といってもこちらはtanθ/tan15度というような、別の基準角度(15度)で割り算した値を使用するので、tanそのままの値を覚えても実践で使えず意味がありません。なので今はtanは無視することにしましょう。

 

ちなみに「tanθ=sinθ/cosθ」という関係が成り立つので、電卓があればcos値からtanを求めることもできますが、15度おきに暗記してしまったほうが面倒がなくていいと思います。

 

 

数学を知らなくても描ける

このように数式など出してしまうと、非常にややこしく煩雑な手続きをしているように見えます。
「とにかく数字や数式など使いたくない」という方は、とりあえずは「線を15度回すと0.95倍になる」「線を30度回すと0.85倍になる」……というふうに覚えてしまいましょう。

 

もう一度いうと、線を何度回すと何倍になるかの倍率は

 

15度=0.95
30度=0.85
45度=0.7
60度=0.5
75度=0.25

 

です。画像でみると

 

画像:線を奥行きへ何度回すと何倍になる、の説明図。
線を奥行きへ何度回すと何倍になる、の説明図。
こんな感じです。数学的な理屈を理解していなくても、回す角度と倍率だけ覚えておけば大丈夫です。

 

しかし一つ注意したいこととして、どこの線をどの角度に回すか、ということです。
特に求めたい線の長さが、元は奥行き幅の場合は、掛け算をしても求める場気場所を取り違える可能性があります。

 

画像:奥行き幅を30度回して倍率をかけると違うところの値が求まってしまう説明図。
奥行き幅を30度回して倍率をかけると違うところの値が求まってしまう説明図。
このように、本来求めるべき線ではないところの値を求めてしまい、それを取り違えて使ってしまう可能性もあります。

 

数式やその理屈は理解しなくてもかまいません。
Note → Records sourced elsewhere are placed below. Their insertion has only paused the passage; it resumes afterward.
lemma maximum_principle_half_line:
  fixes w w' w'' :: "real \<Rightarrow> real"
  assumes \<omega>: "\<omega> > 0"
    and dw: "\<And>x. x \<ge> R \<Longrightarrow> (w has_real_derivative w' x) (at x)"
    and dw': "\<And>x. x \<ge> R \<Longrightarrow> (w' has_real_derivative w'' x) (at x)"
    and sub: "\<And>x. x \<ge> R \<Longrightarrow> w'' x \<ge> \<omega> * w x"
    and wR: "w R \<le> 0"
    and small: "\<And>\<eta>. \<eta> > 0 \<Longrightarrow> \<exists>T. \<forall>y\<ge>T. w y < \<eta>"
    and x: "x \<ge> R"
  shows "w x \<le> 0"
proof (rule ccontr)
  assume "\<not> w x \<le> 0"
  then have wx: "w x > 0" by simp
  then have xR: "x > R" using x wR by (cases "x = R") auto
  obtain T where T: "\<And>y. y \<ge> T \<Longrightarrow> w y < w x" using small[OF wx] by blast
  define T' where "T' = max T (x + 1)"
  have cw: "continuous_on {R..T'} w"
    using dw by (meson DERIV_continuous atLeastAtMost_iff continuous_at_imp_continuous_on)
  obtain x0 where x0: "x0 \<in> {R..T'}" "\<And>y. y \<in> {R..T'} \<Longrightarrow> w y \<le> w x0"
    using continuous_attains_sup[OF compact_Icc _ cw] xR unfolding T'_def by fastforce
  have "x \<in> {R..T'}" using xR unfolding T'_def by auto
  then have wx0: "w x0 \<ge> w x" using x0 by blast
  have "x0 \<noteq> R" using wx0 wx wR by auto
  moreover have "x0 \<noteq> T'" using T[of T'] wx0 unfolding T'_def by fastforce
  ultimately have x0i: "R < x0" "x0 < T'" using x0(1) by auto
  have "w'' x0 \<le> 0"
    by (rule deriv2_nonpos_at_interior_max[where a = R and b = T' and w = w and w' = w' and w'' = w''
          and c = x0, OF _ dw'[OF less_imp_le[OF x0i(1)]] x0i x0(2)])
       (use dw in auto)
  moreover have "w'' x0 > 0" using sub[of x0] x0i wx0 wx \<omega> by (smt (verit) mult_pos_pos)
  ultimately show False by simp
qed

text \<open>Comparison with \<open>u R e\<^sup>-\<^sup>\<surd>\<^sup>\<omega>\<^sup>(\<^sup>x\<^sup>-\<^sup>R\<^sup>)\<close>, a solution of \<open>v'' = \<omega> v\<close>, by the maximum principle.\<close>

lemma integrable_subsolution_exp_decay:
  fixes u u' u'' :: "real \<Rightarrow> real"
  assumes int: "integrable lborel u" and nonneg: "\<And>x. u x \<ge> 0" and \<omega>: "\<omega> > 0"
    and du: "\<And>x. x \<ge> R \<Longrightarrow> (u has_real_derivative u' x) (at x)"
    and du': "\<And>x. x \<ge> R \<Longrightarrow> (u' has_real_derivative u'' x) (at x)"
    and sub: "\<And>x. x \<ge> R \<Longrightarrow> u'' x \<ge> \<omega> * u x"
    and x: "x \<ge> R"
  shows "u x \<le> u R * exp (- sqrt \<omega> * (x - R))"
proof -
  have convex: "u'' x \<ge> 0" if "x \<ge> R" for x
    using order_trans[OF mult_nonneg_nonneg[OF less_imp_le[OF \<omega>] nonneg] sub[OF that]] .
  have nonincr: "u y \<le> u x" if "R \<le> x" "x \<le> y" for x y
    by (rule integrable_convex_nonincreasing[OF int nonneg du du' convex that])
  define k where "k = sqrt \<omega>"
  have k: "k * k = \<omega>" unfolding k_def using \<omega> by simp
  define w where "w x = u x - u R * exp (- k * (x - R))" for x
  have dw: "(w has_real_derivative u' x + u R * k * exp (- k * (x - R))) (at x)" if "x \<ge> R" for x
    unfolding w_def[abs_def] using du[OF that] by (auto intro!: derivative_eq_intros simp: algebra_simps)
  have dw': "((\<lambda>x. u' x + u R * k * exp (- k * (x - R))) has_real_derivative
      u'' x - u R * (k * k) * exp (- k * (x - R))) (at x)" if "x \<ge> R" for x
    using du'[OF that] by (auto intro!: derivative_eq_intros simp: algebra_simps)
  have sub': "u'' x - u R * (k * k) * exp (- k * (x - R)) \<ge> \<omega> * w x" if "x \<ge> R" for x
    using sub[OF that] unfolding w_def k by (simp add: algebra_simps)
  have wR: "w R \<le> 0" unfolding w_def by simp
  have small: "\<exists>T. \<forall>y\<ge>T. w y < \<eta>" if \<eta>: "\<eta> > 0" for \<eta>
  proof -
    obtain y0 where "y0 \<ge> R" "u y0 < \<eta>"
      using integrable_nonneg_not_eventually_ge[OF int nonneg \<eta>] by blast
    moreover have "w y \<le> u y" for y unfolding w_def using nonneg[of R] by simp
    ultimately show ?thesis using nonincr by (meson order.trans order_le_less_trans)
  qed
  have "w x \<le> 0" by (rule maximum_principle_half_line[OF \<omega> dw dw' sub' wR small x])
  then show ?thesis unfolding w_def k_def by simp
qed

lemma deriv_le_exp_if_bounded:
  fixes f f' f'' :: "real \<Rightarrow> real"
  assumes \<beta>: "\<beta> > 0"
    and df: "\<And>x. x \<ge> R \<Longrightarrow> (f has_real_derivative f' x) (at x)"
    and df': "\<And>x. x \<ge> R \<Longrightarrow> (f' has_real_derivative f'' x) (at x)"
    and f'': "\<And>x. x \<ge> R \<Longrightarrow> \<bar>f'' x\<bar> \<le> C * exp (- \<beta> * x)"
    and bounded: "\<And>x. x \<ge> R \<Longrightarrow> \<bar>f x\<bar> \<le> B"
    and x0: "x0 \<ge> R"
  shows "f' x0 \<le> C / \<beta> * exp (- \<beta> * x0)"
proof (rule ccontr)
  assume "\<not> f' x0 \<le> C / \<beta> * exp (- \<beta> * x0)"
  then have gt: "f' x0 > C / \<beta> * exp (- \<beta> * x0)" by simp
  have C0: "C \<ge> 0" using f''[OF x0] by (smt (verit) exp_gt_zero zero_le_mult_iff)
  have B0: "B \<ge> 0" using bounded[OF x0] by simp
  define E where "E y = C / \<beta> * exp (- \<beta> * y)" for y
  have E0: "E y \<ge> 0" for y unfolding E_def using C0 \<beta> by simp
  define \<delta> where "\<delta> = f' x0 - E x0"
  have \<delta>0: "\<delta> > 0" unfolding \<delta>_def E_def using gt by simp
  have "((\<lambda>y. f' y - E y) has_real_derivative f'' z + C * exp (- \<beta> * z)) (at z)" if "x0 \<le> z" for z
    unfolding E_def using df'[of z] that x0 \<beta> by (auto intro!: derivative_eq_intros simp: field_simps)
  moreover have "f'' z + C * exp (- \<beta> * z) \<ge> 0" if "x0 \<le> z" for z using f''[of z] that x0 by (smt (verit))
  ultimately have "f' y - E y \<ge> \<delta>" if "x0 \<le> y" for y
    using ge_linear_if_deriv_ge[OF that, of "\<lambda>y. f' y - E y" _ 0] unfolding \<delta>_def by fastforce
  then have F: "f y \<ge> f x0 + \<delta> * (y - x0)" if "x0 \<le> y" for y
    using ge_linear_if_deriv_ge[OF that, of f f' \<delta>] df x0 E0 by (smt (verit) order_trans)
  define y where "y = x0 + (2 * B + 1) / \<delta>"
  have y: "y \<ge> x0" unfolding y_def using B0 \<delta>0 by simp
  have "f y \<ge> f x0 + 2 * B + 1" using F[OF y] \<delta>0 unfolding y_def by simp
  moreover have "\<bar>f x0\<bar> \<le> B" "\<bar>f y\<bar> \<le> B" using bounded x0 y by auto
  ultimately show False by linarith
qed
数字は覚えなくてもよく、どこかにメモしておいて使うときに引き出せばいいのです。

 

ただ「線を30度回転させると0.85倍になる」というようなことを理解していても「0.85倍したところの長さがどこなのか」を空間的にしっかり把握できないといけません。

 

空間感覚は、絵描きにとっては避けて通れない必須のスキルです。ここだけは手を抜かずにしっかりやってください。